In this post, we explore a question being discussed in a number of insurance and investment manager’s offices. Are the scenarios under the PRIIPs regulation realistic?

Many key industry leaders have publicly stated they believe the scenarios are overstating future results. In this post, we examine whether they are correct.

The recent introduction of PRIIPs KIDs in January 2018 has been anything but smooth for many PRIIP manufacturers. One item of significant concern for the manufacturers is the approach used for performance scenarios. This requires manufacturers to apply a set of prescribed formulae to a 5-year price history. Many manufacturers have noted that historic returns are not a good indicator for future returns and that the last 5-years has represented a significant bull market.

This prompted many manufacturers to contact the FCA expressing their concerns. The response from the FCA was to encourage manufacturers to add bespoke guidance on the numbers outlined in their KIDs.

As a result, many KIDs are now being produced with custom ‘health warnings’ accompanying the numbers in their performance scenario table. Often these warnings direct prospective clients back to existing sales materials. Some would say that this distracts from the KID – maybe purposefully so to avoid having to discuss the numbers in the KID?

But before one jumps to the conclusion that the manufacturers are acting to deceive or distract their prospective clients, consider the numbers we have outlined below. And consider the predicament PRIIPs has put the manufacturers in – they are being forced to give prospective clients predicted returns that they don’t believe are achievable and that they believe to be misleading – our investigations below gives credence to these concerns.

FCA statement Jan 2018

“Where a PRIIP manufacturer is concerned that performance scenarios in their KID are too optimistic, such that they may mislead investors, we are comfortable with them providing explanatory materials to put the calculations in context and to set out their concerns for investors to consider.”

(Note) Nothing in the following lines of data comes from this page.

(* Consider $\min_{x\in\mathbb{R}^n}\max_{y\in\mathbb{R}^m}f(x,y)$ with $f$ twice differentiable at $(\bar x,\bar y)$. (a) If $\nabla f(\bar x,\bar y)=0$, $\nabla^2_{yy}f(\bar x,\bar y)\prec0$, and for every $u\in\mathbb{R}^n\setminus\{0\}$ there exists $h\in\mathbb{R}^m$ with $\nabla^2f(\bar x,\bar y)((u,h),(u,h))>0$, then $(\bar x,\bar y)$ is a calm local minimax point. (b) If $(\bar x,\bar y)$ is a calm local minimax point, then $\nabla f(\bar x,\bar y)=0$, $\nabla^2_{yy}f(\bar x,\bar y)\preceq0$, and for every $u\in\mathbb{R}^n$ there exists $h\in\mathbb{R}^m$ with $\nabla^2f(\bar x,\bar y)((u,h),(u,h))\ge0$.
   Context: $f:\mathbb{R}^n\times\mathbb{R}^m\to\mathbb{R}$; $\nabla^2f(\bar x,\bar y)((u,h),(u,h))$ denotes the quadratic form of the full Hessian of $f$ at $(\bar x,\bar y)$ applied to $(u,h)$. Standing assumption: for every $x$, $\bar y$ and $\epsilon\ge0$ the maximum of $f(x,\cdot)$ over $\mathbb{B}_\epsilon(\bar y)$ is attained, where $\mathbb{B}_\epsilon(z)$ is the closed Euclidean ball. A radius function is $\tau:[0,\infty)\to[0,\infty)$ with $\tau(0)=0$, $\tau(\delta)\to0$ as $\delta\downarrow0$; calm at $0$ if $\tau(\delta)\le\kappa\delta$ on $[0,\delta_1]$ for some $\kappa,\delta_1>0$. $(\bar x,\bar y)$ is a calm local minimax point if there exist $\delta_0>0$ and a radius function $\tau$ calm at $0$ with $f(\bar x,y)\le f(\bar x,\bar y)\le\max_{y'\in\mathbb{B}_{\tau(\delta)}(\bar y)}f(x,y')$ for all $\delta\in(0,\delta_0]$, $x\in\mathbb{B}_\delta(\bar x)$, $y\in\mathbb{B}_\delta(\bar y)$. $A\prec0$ ($\preceq0$) means negative definite (semidefinite). *)

theory Defs
  imports "HOL-Analysis.Analysis"
begin

text \<open>Then the gradient at z is g z and the Hessian quadratic form is v \<mapsto> H v \<bullet> v.\<close>
definition twice_diff_with ::
  "('c::euclidean_space \<Rightarrow> real) \<Rightarrow> 'c \<Rightarrow> ('c \<Rightarrow> 'c) \<Rightarrow> ('c \<Rightarrow> 'c) \<Rightarrow> bool" where
  "twice_diff_with f z g H \<longleftrightarrow>
     (\<exists>S. open S \<and> z \<in> S \<and> (\<forall>w\<in>S. (f has_derivative (\<lambda>v. g w \<bullet> v)) (at w)))
     \<and> (g has_derivative H) (at z)"

definition hess_yy :: "('a::euclidean_space \<times> 'b::euclidean_space \<Rightarrow> 'a \<times> 'b) \<Rightarrow> 'b \<Rightarrow> 'b" where
  "hess_yy H = (\<lambda>h. snd (H (0, h)))"

definition neg_definite :: "('b::euclidean_space \<Rightarrow> 'b) \<Rightarrow> bool" where
  "neg_definite A \<longleftrightarrow> (\<forall>h. h \<noteq> 0 \<longrightarrow> A h \<bullet> h < 0)"

definition neg_semidefinite :: "('b::euclidean_space \<Rightarrow> 'b) \<Rightarrow> bool" where
  "neg_semidefinite A \<longleftrightarrow> (\<forall>h. A h \<bullet> h \<le> 0)"

definition radius_function :: "(real \<Rightarrow> real) \<Rightarrow> bool" where
  "radius_function \<tau> \<longleftrightarrow> \<tau> 0 = 0 \<and> (\<forall>\<delta>\<ge>0. \<tau> \<delta> \<ge> 0) \<and> (\<tau> \<longlongrightarrow> 0) (at_right 0)"

definition calm_at_0 :: "(real \<Rightarrow> real) \<Rightarrow> bool" where
  "calm_at_0 \<tau> \<longleftrightarrow> (\<exists>\<kappa>>0. \<exists>\<delta>1>0. \<forall>\<delta>\<in>{0..\<delta>1}. \<tau> \<delta> \<le> \<kappa> * \<delta>)"

definition calm_local_minimax ::
  "('a::euclidean_space \<times> 'b::euclidean_space \<Rightarrow> real) \<Rightarrow> 'a \<Rightarrow> 'b \<Rightarrow> bool" where
  "calm_local_minimax f xb yb \<longleftrightarrow>
     (\<exists>\<delta>0>0. \<exists>\<tau>. radius_function \<tau> \<and> calm_at_0 \<tau> \<and>
        (\<forall>\<delta>\<in>{0<..\<delta>0}. \<forall>x\<in>cball xb \<delta>. \<forall>y\<in>cball yb \<delta>.
            f (xb, y) \<le> f (xb, yb) \<and>
            f (xb, yb) \<le> (SUP y'\<in>cball yb (\<tau> \<delta>). f (x, y'))))"

end

theory Submission
  imports Defs
begin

We applied the PRIIPs formulae to prices for the S&P 500 over a number of time periods from 5 years to 35 years.

Our analysis shows a number of key insights which illustrates the manufacturer’s concerns that the numbers in their KIDs (based on a 5-year price history) are over optimistic – with even unfavourable scenarios showing positive expected performance.

Key Insights:

  • 5-yrs price history shows an SRI of 3 – all other periods have SRI of 4+.
  • 5-yrs price history shows by far the most favourable projections.
  • All non-stress scenarios show positive returns for 5-yrs prices.